Work request – Wherever a line of the listing holds the string "imports", copy that line.

Given records –
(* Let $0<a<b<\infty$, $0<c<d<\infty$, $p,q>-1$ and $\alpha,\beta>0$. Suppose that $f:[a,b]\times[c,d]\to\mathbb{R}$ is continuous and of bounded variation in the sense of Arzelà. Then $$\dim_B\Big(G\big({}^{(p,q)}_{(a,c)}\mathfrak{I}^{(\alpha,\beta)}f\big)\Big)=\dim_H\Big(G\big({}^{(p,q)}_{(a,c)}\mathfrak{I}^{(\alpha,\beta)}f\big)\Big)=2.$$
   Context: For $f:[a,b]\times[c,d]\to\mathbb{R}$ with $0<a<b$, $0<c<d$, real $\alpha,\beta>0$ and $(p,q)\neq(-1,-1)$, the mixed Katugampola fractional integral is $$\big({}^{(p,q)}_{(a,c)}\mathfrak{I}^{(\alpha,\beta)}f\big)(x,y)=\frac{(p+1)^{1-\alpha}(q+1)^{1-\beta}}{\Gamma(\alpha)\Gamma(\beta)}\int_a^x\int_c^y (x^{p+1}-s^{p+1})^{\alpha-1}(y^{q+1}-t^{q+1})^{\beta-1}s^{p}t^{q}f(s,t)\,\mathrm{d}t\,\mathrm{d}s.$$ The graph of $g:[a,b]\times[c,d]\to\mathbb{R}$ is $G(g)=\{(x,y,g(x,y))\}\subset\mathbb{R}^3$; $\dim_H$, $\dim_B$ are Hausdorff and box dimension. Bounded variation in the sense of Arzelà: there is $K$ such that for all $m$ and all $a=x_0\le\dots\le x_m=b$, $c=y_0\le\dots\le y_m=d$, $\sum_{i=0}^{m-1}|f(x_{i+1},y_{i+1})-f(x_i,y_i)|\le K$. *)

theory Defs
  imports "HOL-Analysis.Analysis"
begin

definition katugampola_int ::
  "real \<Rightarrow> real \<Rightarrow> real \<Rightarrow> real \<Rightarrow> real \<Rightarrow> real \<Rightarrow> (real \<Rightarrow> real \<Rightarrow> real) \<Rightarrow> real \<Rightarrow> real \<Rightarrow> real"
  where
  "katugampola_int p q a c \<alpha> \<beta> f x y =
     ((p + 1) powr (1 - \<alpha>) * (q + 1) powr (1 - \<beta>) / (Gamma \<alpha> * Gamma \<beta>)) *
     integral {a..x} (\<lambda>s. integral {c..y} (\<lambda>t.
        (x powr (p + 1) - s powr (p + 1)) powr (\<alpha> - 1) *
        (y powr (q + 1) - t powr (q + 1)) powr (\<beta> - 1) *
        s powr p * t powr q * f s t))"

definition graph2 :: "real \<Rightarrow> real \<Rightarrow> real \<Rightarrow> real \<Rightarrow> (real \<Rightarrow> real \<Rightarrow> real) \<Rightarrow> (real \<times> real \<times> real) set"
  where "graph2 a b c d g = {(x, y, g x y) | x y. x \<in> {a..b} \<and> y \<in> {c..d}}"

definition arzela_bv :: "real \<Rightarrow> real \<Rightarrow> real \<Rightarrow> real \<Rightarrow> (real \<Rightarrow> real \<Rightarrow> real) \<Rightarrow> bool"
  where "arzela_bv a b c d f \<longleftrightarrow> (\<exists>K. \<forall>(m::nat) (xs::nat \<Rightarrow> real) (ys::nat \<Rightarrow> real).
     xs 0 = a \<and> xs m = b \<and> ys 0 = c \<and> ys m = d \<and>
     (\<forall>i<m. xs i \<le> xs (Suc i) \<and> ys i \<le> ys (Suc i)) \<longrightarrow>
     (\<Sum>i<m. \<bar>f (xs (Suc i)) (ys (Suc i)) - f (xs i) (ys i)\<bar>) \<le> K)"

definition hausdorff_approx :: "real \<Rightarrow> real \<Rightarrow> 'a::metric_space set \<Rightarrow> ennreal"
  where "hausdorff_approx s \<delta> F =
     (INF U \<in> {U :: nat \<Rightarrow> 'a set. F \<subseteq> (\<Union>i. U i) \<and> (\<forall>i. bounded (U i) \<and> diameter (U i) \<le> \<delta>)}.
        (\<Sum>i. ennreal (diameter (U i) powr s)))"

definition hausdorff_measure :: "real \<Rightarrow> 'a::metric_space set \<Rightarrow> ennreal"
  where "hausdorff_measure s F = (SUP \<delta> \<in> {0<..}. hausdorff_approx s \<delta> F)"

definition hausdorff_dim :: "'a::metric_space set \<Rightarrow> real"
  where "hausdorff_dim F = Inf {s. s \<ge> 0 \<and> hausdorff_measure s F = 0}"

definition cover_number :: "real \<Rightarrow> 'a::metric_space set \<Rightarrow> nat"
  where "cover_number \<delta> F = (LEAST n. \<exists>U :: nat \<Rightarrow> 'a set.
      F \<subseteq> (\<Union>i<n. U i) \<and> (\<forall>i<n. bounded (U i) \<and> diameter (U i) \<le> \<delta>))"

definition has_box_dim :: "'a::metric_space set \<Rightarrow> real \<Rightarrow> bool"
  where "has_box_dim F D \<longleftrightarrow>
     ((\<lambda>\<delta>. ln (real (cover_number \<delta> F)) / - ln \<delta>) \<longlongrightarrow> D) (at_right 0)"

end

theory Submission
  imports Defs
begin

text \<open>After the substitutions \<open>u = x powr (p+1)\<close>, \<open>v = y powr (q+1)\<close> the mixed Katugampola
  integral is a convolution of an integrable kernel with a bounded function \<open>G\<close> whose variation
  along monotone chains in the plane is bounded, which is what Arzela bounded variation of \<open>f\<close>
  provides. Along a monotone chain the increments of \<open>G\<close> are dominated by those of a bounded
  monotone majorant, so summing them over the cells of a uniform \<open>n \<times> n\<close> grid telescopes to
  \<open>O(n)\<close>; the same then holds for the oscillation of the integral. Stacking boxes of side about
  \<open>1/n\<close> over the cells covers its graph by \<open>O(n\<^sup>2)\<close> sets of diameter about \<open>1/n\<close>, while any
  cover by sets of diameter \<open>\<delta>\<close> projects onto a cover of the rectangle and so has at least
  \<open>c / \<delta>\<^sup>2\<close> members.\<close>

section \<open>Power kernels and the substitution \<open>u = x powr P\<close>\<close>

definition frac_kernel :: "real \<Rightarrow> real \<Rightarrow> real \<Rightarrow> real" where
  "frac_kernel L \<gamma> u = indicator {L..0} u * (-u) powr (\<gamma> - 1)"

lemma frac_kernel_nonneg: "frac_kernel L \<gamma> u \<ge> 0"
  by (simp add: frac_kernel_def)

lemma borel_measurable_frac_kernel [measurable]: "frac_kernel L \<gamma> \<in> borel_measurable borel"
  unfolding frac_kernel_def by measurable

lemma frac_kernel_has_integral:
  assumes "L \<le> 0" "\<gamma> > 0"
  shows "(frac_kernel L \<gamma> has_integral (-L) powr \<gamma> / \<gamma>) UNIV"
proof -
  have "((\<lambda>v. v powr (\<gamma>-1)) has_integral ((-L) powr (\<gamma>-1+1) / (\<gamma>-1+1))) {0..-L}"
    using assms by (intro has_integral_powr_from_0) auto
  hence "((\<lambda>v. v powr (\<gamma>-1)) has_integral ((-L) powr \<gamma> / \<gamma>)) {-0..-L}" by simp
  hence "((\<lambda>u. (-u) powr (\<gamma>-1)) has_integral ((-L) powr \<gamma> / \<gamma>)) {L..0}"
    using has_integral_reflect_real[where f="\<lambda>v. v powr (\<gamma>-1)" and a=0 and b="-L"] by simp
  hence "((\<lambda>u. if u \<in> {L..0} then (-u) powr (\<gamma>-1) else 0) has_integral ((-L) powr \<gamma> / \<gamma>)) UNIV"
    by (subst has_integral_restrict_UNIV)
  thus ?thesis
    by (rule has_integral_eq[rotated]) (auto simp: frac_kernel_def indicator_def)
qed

==

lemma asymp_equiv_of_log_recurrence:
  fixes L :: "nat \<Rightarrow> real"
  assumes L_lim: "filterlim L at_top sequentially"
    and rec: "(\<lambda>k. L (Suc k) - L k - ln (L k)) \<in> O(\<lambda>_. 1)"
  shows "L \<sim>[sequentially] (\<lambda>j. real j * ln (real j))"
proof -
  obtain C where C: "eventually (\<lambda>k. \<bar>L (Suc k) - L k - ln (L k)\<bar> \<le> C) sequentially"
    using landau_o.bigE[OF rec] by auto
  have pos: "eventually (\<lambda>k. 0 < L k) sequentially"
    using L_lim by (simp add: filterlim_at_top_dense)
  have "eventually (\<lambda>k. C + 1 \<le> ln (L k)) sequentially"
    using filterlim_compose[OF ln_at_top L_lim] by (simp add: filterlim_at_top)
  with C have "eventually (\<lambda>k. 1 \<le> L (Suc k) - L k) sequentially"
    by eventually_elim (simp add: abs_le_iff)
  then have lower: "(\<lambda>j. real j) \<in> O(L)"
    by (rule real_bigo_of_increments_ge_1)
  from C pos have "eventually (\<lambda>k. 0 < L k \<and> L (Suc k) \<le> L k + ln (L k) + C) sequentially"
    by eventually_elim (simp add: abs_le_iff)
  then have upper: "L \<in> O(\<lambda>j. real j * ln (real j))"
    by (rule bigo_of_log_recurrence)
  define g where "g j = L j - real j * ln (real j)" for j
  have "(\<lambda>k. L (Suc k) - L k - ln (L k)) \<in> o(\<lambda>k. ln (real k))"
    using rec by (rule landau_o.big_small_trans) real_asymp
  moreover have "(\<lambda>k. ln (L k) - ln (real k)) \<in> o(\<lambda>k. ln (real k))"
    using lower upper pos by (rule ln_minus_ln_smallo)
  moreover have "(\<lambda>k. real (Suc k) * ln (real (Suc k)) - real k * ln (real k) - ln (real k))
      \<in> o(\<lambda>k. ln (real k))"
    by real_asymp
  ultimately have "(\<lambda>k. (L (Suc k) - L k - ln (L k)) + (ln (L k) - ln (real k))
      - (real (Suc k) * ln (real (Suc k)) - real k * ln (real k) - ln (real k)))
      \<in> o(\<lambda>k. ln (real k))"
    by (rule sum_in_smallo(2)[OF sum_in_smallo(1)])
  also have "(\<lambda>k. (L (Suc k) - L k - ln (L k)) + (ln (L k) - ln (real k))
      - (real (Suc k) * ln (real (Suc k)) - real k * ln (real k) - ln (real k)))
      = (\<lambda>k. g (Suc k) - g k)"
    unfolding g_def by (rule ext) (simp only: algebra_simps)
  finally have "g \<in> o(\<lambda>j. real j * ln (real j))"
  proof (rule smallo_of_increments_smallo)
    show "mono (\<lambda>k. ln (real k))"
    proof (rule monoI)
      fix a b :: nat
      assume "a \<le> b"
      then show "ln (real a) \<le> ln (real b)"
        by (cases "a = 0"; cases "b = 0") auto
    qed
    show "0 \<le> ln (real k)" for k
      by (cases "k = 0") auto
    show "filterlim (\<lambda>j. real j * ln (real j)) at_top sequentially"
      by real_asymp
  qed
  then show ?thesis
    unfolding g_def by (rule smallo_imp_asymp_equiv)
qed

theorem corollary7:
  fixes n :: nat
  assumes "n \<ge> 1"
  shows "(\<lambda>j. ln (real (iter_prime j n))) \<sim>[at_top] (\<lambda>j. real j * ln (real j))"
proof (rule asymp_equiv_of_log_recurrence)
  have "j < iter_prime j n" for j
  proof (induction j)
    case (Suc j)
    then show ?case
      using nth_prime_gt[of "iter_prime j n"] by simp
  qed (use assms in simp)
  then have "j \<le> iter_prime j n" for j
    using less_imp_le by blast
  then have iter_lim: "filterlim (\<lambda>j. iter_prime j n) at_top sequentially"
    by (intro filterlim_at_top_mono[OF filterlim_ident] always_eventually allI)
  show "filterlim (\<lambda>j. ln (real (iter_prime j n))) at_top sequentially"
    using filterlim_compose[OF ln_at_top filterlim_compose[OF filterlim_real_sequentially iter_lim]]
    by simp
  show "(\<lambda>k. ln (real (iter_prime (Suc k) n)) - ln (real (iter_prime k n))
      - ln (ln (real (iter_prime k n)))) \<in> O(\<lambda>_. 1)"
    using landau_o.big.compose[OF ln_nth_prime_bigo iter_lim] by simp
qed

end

Written response –
  imports "HOL-Analysis.Analysis"
  imports Defs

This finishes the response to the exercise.